*** Begin section ***

(* Let $\nu>-1$ be real. Denote by $0<j_1^\nu<j_2^\nu<\cdots$ the positive zeros of $J_\nu(\cdot;q^2)$ and by $0<j_1^{\nu+1}<j_2^{\nu+1}<\cdots$ those of $J_{\nu+1}(\cdot;q^2)$. Then they interlace: $$0<j_1^\nu<j_1^{\nu+1}<j_2^\nu<j_2^{\nu+1}<j_3^\nu<j_3^{\nu+1}<\cdots.$$
   Context: Fix $0<q<1$. For $a\in\mathbb C$ put $(a;q)_0=1$, $(a;q)_k=\prod_{i=0}^{k-1}(1-aq^i)$, $(a;q)_\infty=\prod_{i\ge0}(1-aq^i)$. For $\nu\in\mathbb C$ and $x\in\mathbb C\setminus\{0\}$ the Hahn–Exton $q$-Bessel function is $$J_\nu(x;q^2)=\frac{x^\nu}{(q^2;q^2)_\infty}\sum_{k=0}^\infty\frac{(-1)^kq^{k(k+1)}(q^{2\nu+2k+2};q^2)_\infty}{(q^2;q^2)_k}\,x^{2k},$$ with $x^\nu=\exp(\nu\operatorname{Log}x)$ (principal branch). For $\nu>-1$ the positive zeros of $J_\nu(\cdot;q^2)$ form an infinite increasing sequence. *)

theory Defs
  imports "HOL-Analysis.Analysis"
begin

definition qpoch :: "complex \<Rightarrow> real \<Rightarrow> nat \<Rightarrow> complex" where
  "qpoch a q k = (\<Prod>i<k. 1 - a * of_real (q ^ i))"

definition qpoch_inf :: "complex \<Rightarrow> real \<Rightarrow> complex" where
  "qpoch_inf a q = lim (\<lambda>n. qpoch a q n)"

text \<open>Hahn--Exton q-Bessel function J_nu(x;q^2), principal branch x^nu = exp(nu Ln x).\<close>
definition hahn_exton_J :: "real \<Rightarrow> complex \<Rightarrow> complex \<Rightarrow> complex" where
  "hahn_exton_J q \<nu> x =
     exp (\<nu> * Ln x) / qpoch_inf (of_real (q^2)) (q^2) *
     (\<Sum>k. (-1) ^ k * of_real (q ^ (k * (k + 1))) *
            qpoch_inf (of_real q powr (2 * \<nu> + 2 * of_nat k + 2)) (q^2)
            / qpoch (of_real (q^2)) (q^2) k * x ^ (2 * k))"

definition pos_zeros :: "real \<Rightarrow> real \<Rightarrow> real set" where
  "pos_zeros q \<nu> = {x. 0 < x \<and> hahn_exton_J q (of_real \<nu>) (of_real x) = 0}"

end

theory Submission
  imports Defs
begin

text \<open>
  Write c = q^(2 nu + 2). Then J_nu(x;q^2) = x^nu / (q^2;q^2)_inf * F(x^2) and
  J_(nu+1)(x;q^2) = x^(nu+1) / (q^2;q^2)_inf * G(x^2) for the entire power series F = phi_c and
  G = phi_(c q^2), where phi_c(z) = sum_k (-1)^k q^(k(k+1)) (c q^(2k);q^2)_inf / (q^2;q^2)_k z^k.
  Two contiguous relations, F(z) = G(z) - c G(q^2 z) and F(z) - F(q^2 z) = - q^2 z G(q^2 z),
  and their derivatives show that the Wronskian W = K' F - K F' of F and K(z) = z G(z) satisfies
  W(z) = F(z)^2 + c W(q^2 z). Iterating, W(z) >= c^n W(q^(2n) z), which is positive for large n
  because W(0) = F(0) G(0) > 0. A positive Wronskian makes K/F strictly increasing between
  consecutive zeros of F and forces K to change sign there, so the positive zeros of F and K
  interlace; F has arbitrarily large zeros by the three-term relation obtained from the two
  contiguous relations. Taking square roots transfers the interlacing to J_nu and J_(nu+1).
\<close>

lemma IVT_sign_change:
  fixes f :: "real \<Rightarrow> real"
  assumes "a \<le> b" "f a * f b \<le> 0" "\<And>t. isCont f t"
  shows "\<exists>t. a \<le> t \<and> t \<le> b \<and> f t = 0"
proof -
  have "(f a \<le> 0 \<and> 0 \<le> f b) \<or> (f b \<le> 0 \<and> 0 \<le> f a)"
    using assms(2) by (auto simp: mult_le_0_iff)
  then show ?thesis using IVT[of f a 0 b] IVT2[of f b 0 a] assms by blast
qed

lemma least_element_locally_finite:
  fixes S U :: "real set"
  assumes "\<And>M. finite (S \<inter> {..M})" and "U \<subseteq> S" and "U \<noteq> {}"
  shows "\<exists>m. m \<in> U \<and> (\<forall>z\<in>U. m \<le> z)"
proof -
  obtain u where u: "u \<in> U" using assms(3) by auto
  have fin: "finite (U \<inter> {..u})"
    by (rule finite_subset[OF _ assms(1)[of u]]) (use assms(2) in auto)
  have "Min (U \<inter> {..u}) \<in> U" using Min_in[OF fin] u by auto
  moreover have "Min (U \<inter> {..u}) \<le> z" if "z \<in> U" for z
    using Min_le[OF fin, of z] Min_le[OF fin, of u] u that by (cases "z \<le> u") auto
  ultimately show ?thesis by blast
qed

lemma strict_mono_enumeration_locally_finite:
  fixes S :: "real set"
  assumes fin: "\<And>M. finite (S \<inter> {..M})" and unbounded: "\<And>M. \<exists>z\<in>S. M < z"
  shows "\<exists>a :: nat \<Rightarrow> real. strict_mono a \<and> range a = S"
proof -
  define least where "least U = (SOME m. m \<in> U \<and> (\<forall>z\<in>U. m \<le> z))" for U :: "real set"
  have least: "least U \<in> U" "\<And>z. z \<in> U \<Longrightarrow> least U \<le> z" if "U \<subseteq> S" "U \<noteq> {}" for U
    using someI_ex[OF least_element_locally_finite[OF fin that]] unfolding least_def by auto
  have above_ne: "{z\<in>S. t < z} \<noteq> {}" for t
    using unbounded[of t] by auto
  define a where "a = rec_nat (least S) (\<lambda>_ t. least {z\<in>S. t < z})"
  have a_0: "a 0 = least S" and a_Suc: "a (Suc n) = least {z\<in>S. a n < z}" for n
    by (simp_all add: a_def)
  have a_in: "a n \<in> S" for n
    using least(1)[of S] least(1)[OF _ above_ne] above_ne[of 0] by (cases n) (auto simp: a_0 a_Suc)
  have a_less: "a n < a (Suc n)" for n
    using least(1)[OF _ above_ne, of "a n"] by (auto simp: a_Suc)
  have mono: "strict_mono a"
    using a_less by (rule strict_mono_Suc_iff[THEN iffD2, rule_format])
  have "s \<in> range a" if s: "s \<in> S" for s
  proof (rule ccontr)
    assume s_notin: "s \<notin> range a"
    have "a n < s" for n
    proof (induction n)
      case 0
      have "a 0 \<le> s" using least(2)[of S s] s by (auto simp: a_0)
      then show ?case using s_notin by (metis order_le_less rangeI)
    next
      case (Suc n)
      then have "a (Suc n) \<le> s" using least(2)[OF _ above_ne, of "a n" s] s by (auto simp: a_Suc)
      then show ?case using s_notin by (metis order_le_less rangeI)
    qed
    then have "range a \<subseteq> S \<inter> {..s}" using a_in by (auto intro: less_imp_le)
    then have "finite (range a)" using fin[of s] by (rule finite_subset)
    then show False using strict_mono_imp_inj_on[OF mono] finite_imageD by (metis infinite_UNIV_nat)
  qed
  then have "range a = S" using a_in by auto
  with mono show ?thesis by blast
qed

lemma interlaced_enumeration:
  fixes a :: "nat \<Rightarrow> real" and Z :: "real set"
  assumes mono: "strict_mono a" and unbounded: "\<And>z. \<exists>n. z < a n"
    and gap: "\<And>n. \<exists>!z. z \<in> Z \<and> a n < z \<and> z < a (Suc n)"
    and above: "\<And>z. z \<in> Z \<Longrightarrow> a 0 < z" and disjoint: "Z \<inter> range a = {}"
  shows "\<exists>b. strict_mono b \<and> range b = Z \<and> (\<forall>n. a n < b n \<and> b n < a (Suc n))"
proof -
  define b where "b n = (THE z. z \<in> Z \<and> a n < z \<and> z < a (Suc n))" for n
  have b: "b n \<in> Z" "a n < b n" "b n < a (Suc n)" for n
    using theI'[OF gap[of n]] unfolding b_def by auto
  have "strict_mono b"
    by (rule strict_mono_Suc_iff[THEN iffD2]) (meson b order.strict_trans)
  moreover have "z \<in> range b" if z: "z \<in> Z" for z
  proof -
    define m where "m = (LEAST m. z < a m)"
    have z_less: "z < a m" unfolding m_def using unbounded by (rule LeastI_ex)
    have "m \<noteq> 0" using above[OF z] z_less by (metis less_asym m_def)
    then obtain n where n: "m = Suc n" using not0_implies_Suc by blast
    have "\<not> z < a n" using not_less_Least[of n "\<lambda>m. z < a m"] n m_def by auto
    moreover have "z \<noteq> a n" using disjoint z by auto
    ultimately have "a n < z" by auto
    then have "z = b n" using gap[of n] b[of n] z z_less n by blast
    then show ?thesis by simp
  qed
  ultimately show ?thesis using b by blast
qed

section \<open>Interlacing from a positive Wronskian\<close>

locale positive_wronskian =
  fixes F K F' K' :: "real \<Rightarrow> real"
  assumes F_deriv: "\<And>x. (F has_real_derivative F' x) (at x)"
    and K_deriv: "\<And>x. (K has_real_derivative K' x) (at x)"
    and wronskian_pos: "\<And>x. K' x * F x - K x * F' x > 0"
begin

lemma isCont_F: "isCont F x"
  using F_deriv by (rule DERIV_isCont)

lemma isCont_K: "isCont K x"
  using K_deriv by (rule DERIV_isCont)

lemma K_nonzero_at_zero_of_F: "F p = 0 \<Longrightarrow> K p \<noteq> 0"
  using wronskian_pos[of p] by auto

lemma sign_near_zero_of_F:
  assumes "F p = 0"
  shows "\<exists>d>0. \<forall>h. 0 < h \<and> h < d \<longrightarrow> K p * F (p + h) < 0 \<and> K p * F (p - h) > 0"
proof -
  have deriv: "((\<lambda>x. K p * F x) has_real_derivative K p * F' p) (at p)"
    by (intro DERIV_cmult F_deriv)
  have neg: "K p * F' p < 0" using wronskian_pos[of p] assms by simp
  obtain d1 where "d1 > 0" "\<forall>h>0. h < d1 \<longrightarrow> K p * F (p + h) < 0"
    using DERIV_neg_dec_right[OF deriv neg] assms by auto
  moreover obtain d2 where "d2 > 0" "\<forall>h>0. h < d2 \<longrightarrow> K p * F (p - h) > 0"
    using DERIV_neg_dec_left[OF deriv neg] assms by auto
  ultimately show ?thesis by (intro exI[of _ "min d1 d2"]) auto
qed

lemma zero_of_F_not_islimpt:
  assumes "F p = 0"
  shows "\<not> p islimpt {x. F x = 0}"
proof
  assume "p islimpt {x. F x = 0}"
  moreover obtain d where "d > 0"
    and d: "\<And>h. 0 < h \<Longrightarrow> h < d \<Longrightarrow> K p * F (p + h) < 0 \<and> K p * F (p - h) > 0"
    using sign_near_zero_of_F[OF assms] by blast
  ultimately obtain x where "F x = 0" "x \<noteq> p" "dist x p < d"
    unfolding islimpt_approachable by blast
  then show False using d[of "x - p"] d[of "p - x"] by (cases "p < x") (auto simp: dist_real_def)
qed

lemma finite_zeros_of_F_atMost: "finite ({x. 0 < x \<and> F x = 0} \<inter> {..M})"
proof -
  have closed: "closed {x. F x = 0}"
    using continuous_closed_vimage[of "{0}" F] isCont_F by (auto simp: vimage_def)
  have "finite ({0..M} \<inter> {x. F x = 0})"
  proof (rule finite_not_islimpt_in_compact)
    show "\<not> z islimpt {x. F x = 0}" for z
      using zero_of_F_not_islimpt closed closed_limpt by blast
  qed simp
  then show ?thesis by (rule finite_subset[rotated]) auto
qed

lemma ratio_strict_mono:
  assumes "x < y" and nonzero: "\<And>t. x \<le> t \<Longrightarrow> t \<le> y \<Longrightarrow> F t \<noteq> 0"
  shows "K x / F x < K y / F y"
proof (rule DERIV_pos_imp_increasing[OF assms(1)])
  fix t assume t: "x \<le> t" "t \<le> y"
  have "((\<lambda>t. K t / F t) has_real_derivative (K' t * F t - K t * F' t) / (F t * F t)) (at t)"
    using DERIV_divide[OF K_deriv F_deriv nonzero[OF t]] by (simp add: power2_eq_square)
  moreover have "0 < F t * F t"
    using nonzero[OF t] by (cases "F t > 0") (auto simp: mult_neg_neg)
  then have "(K' t * F t - K t * F' t) / (F t * F t) > 0"
    using wronskian_pos[of t] by (intro divide_pos_pos) auto
  ultimately show "\<exists>l. ((\<lambda>t. K t / F t) has_real_derivative l) (at t) \<and> 0 < l" by blast
qed

lemma K_sign_change_between_zeros_of_F:
  assumes "l < r" "F l = 0" "F r = 0" and nonzero: "\<And>t. l < t \<Longrightarrow> t < r \<Longrightarrow> F t \<noteq> 0"
  shows "K l * K r < 0"
proof -
  obtain d1 where "d1 > 0" and d1: "\<And>h. 0 < h \<Longrightarrow> h < d1 \<Longrightarrow> K l * F (l + h) < 0"
    using sign_near_zero_of_F[OF assms(2)] by blast
  obtain d2 where "d2 > 0" and d2: "\<And>h. 0 < h \<Longrightarrow> h < d2 \<Longrightarrow> K r * F (r - h) > 0"
    using sign_near_zero_of_F[OF assms(3)] by blast
  define h where "h = min (min d1 d2) ((r - l) / 2) / 2"
  have h: "0 < h" "h < d1" "h < d2" "l + h < r - h"
    using \<open>d1 > 0\<close> \<open>d2 > 0\<close> \<open>l < r\<close> unfolding h_def min_def by (auto simp: field_simps)
  have "F (l + h) * F (r - h) > 0"
  proof (rule ccontr)
    assume "\<not> ?thesis"
    then obtain t where "l + h \<le> t" "t \<le> r - h" "F t = 0"
      using IVT_sign_change[of "l + h" "r - h" F] isCont_F h(4) by (meson less_imp_le not_less)
    then show False using nonzero[of t] h(1) by linarith
  qed
  moreover have "(K l * K r) * (F (l + h) * F (r - h)) < 0"
    using mult_neg_pos[OF d1[OF h(1,2)] d2[OF h(1,3)]] by (simp add: mult_ac)
  ultimately show ?thesis
    using mult_nonneg_nonneg[of "K l * K r" "F (l + h) * F (r - h)"] by linarith
qed

lemma unique_zero_of_K_between_zeros_of_F:
  assumes "l < r" "F l = 0" "F r = 0" and nonzero: "\<And>t. l < t \<Longrightarrow> t < r \<Longrightarrow> F t \<noteq> 0"
  shows "\<exists>!z. l < z \<and> z < r \<and> K z = 0"
proof -
  have "K l * K r < 0" by (rule K_sign_change_between_zeros_of_F[OF assms])
  then obtain z where z: "l \<le> z" "z \<le> r" "K z = 0"
    using IVT_sign_change[of l r K] isCont_K \<open>l < r\<close> by (meson less_imp_le)
  moreover have "z \<noteq> l" "z \<noteq> r" using z(3) K_nonzero_at_zero_of_F assms(2,3) by auto
  moreover have ratio_less: "K u / F u < K v / F v" if "l < u" "u < v" "v < r" for u v
    using that by (intro ratio_strict_mono nonzero) auto
  then have "y = z" if "l < y" "y < r" "K y = 0" "l < z" "z < r" "K z = 0" for y z
    using that ratio_less[of y z] ratio_less[of z y] by (cases y z rule: linorder_cases) auto
  ultimately show ?thesis by (intro ex1I[of _ z]) (auto simp: order_le_less)
qed

lemma K_nonzero_before_zeros_of_F:
  assumes "K 0 = 0" "0 < z" and nonzero: "\<And>t. 0 \<le> t \<Longrightarrow> t \<le> z \<Longrightarrow> F t \<noteq> 0"
  shows "K z \<noteq> 0"
  using ratio_strict_mono[OF assms(2) nonzero] assms(1) by auto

*** End section ***

Your task is to reproduce the entries exactly, starting at the first line and ending with the line containing "real \<Rightarrow> nat".

Answer space:
(* Let $\nu>-1$ be real. Denote by $0<j_1^\nu<j_2^\nu<\cdots$ the positive zeros of $J_\nu(\cdot;q^2)$ and by $0<j_1^{\nu+1}<j_2^{\nu+1}<\cdots$ those of $J_{\nu+1}(\cdot;q^2)$. Then they interlace: $$0<j_1^\nu<j_1^{\nu+1}<j_2^\nu<j_2^{\nu+1}<j_3^\nu<j_3^{\nu+1}<\cdots.$$
   Context: Fix $0<q<1$. For $a\in\mathbb C$ put $(a;q)_0=1$, $(a;q)_k=\prod_{i=0}^{k-1}(1-aq^i)$, $(a;q)_\infty=\prod_{i\ge0}(1-aq^i)$. For $\nu\in\mathbb C$ and $x\in\mathbb C\setminus\{0\}$ the Hahn–Exton $q$-Bessel function is $$J_\nu(x;q^2)=\frac{x^\nu}{(q^2;q^2)_\infty}\sum_{k=0}^\infty\frac{(-1)^kq^{k(k+1)}(q^{2\nu+2k+2};q^2)_\infty}{(q^2;q^2)_k}\,x^{2k},$$ with $x^\nu=\exp(\nu\operatorname{Log}x)$ (principal branch). For $\nu>-1$ the positive zeros of $J_\nu(\cdot;q^2)$ form an infinite increasing sequence. *)

theory Defs
  imports "HOL-Analysis.Analysis"
begin

definition qpoch :: "complex \<Rightarrow> real \<Rightarrow> nat \<Rightarrow> complex" where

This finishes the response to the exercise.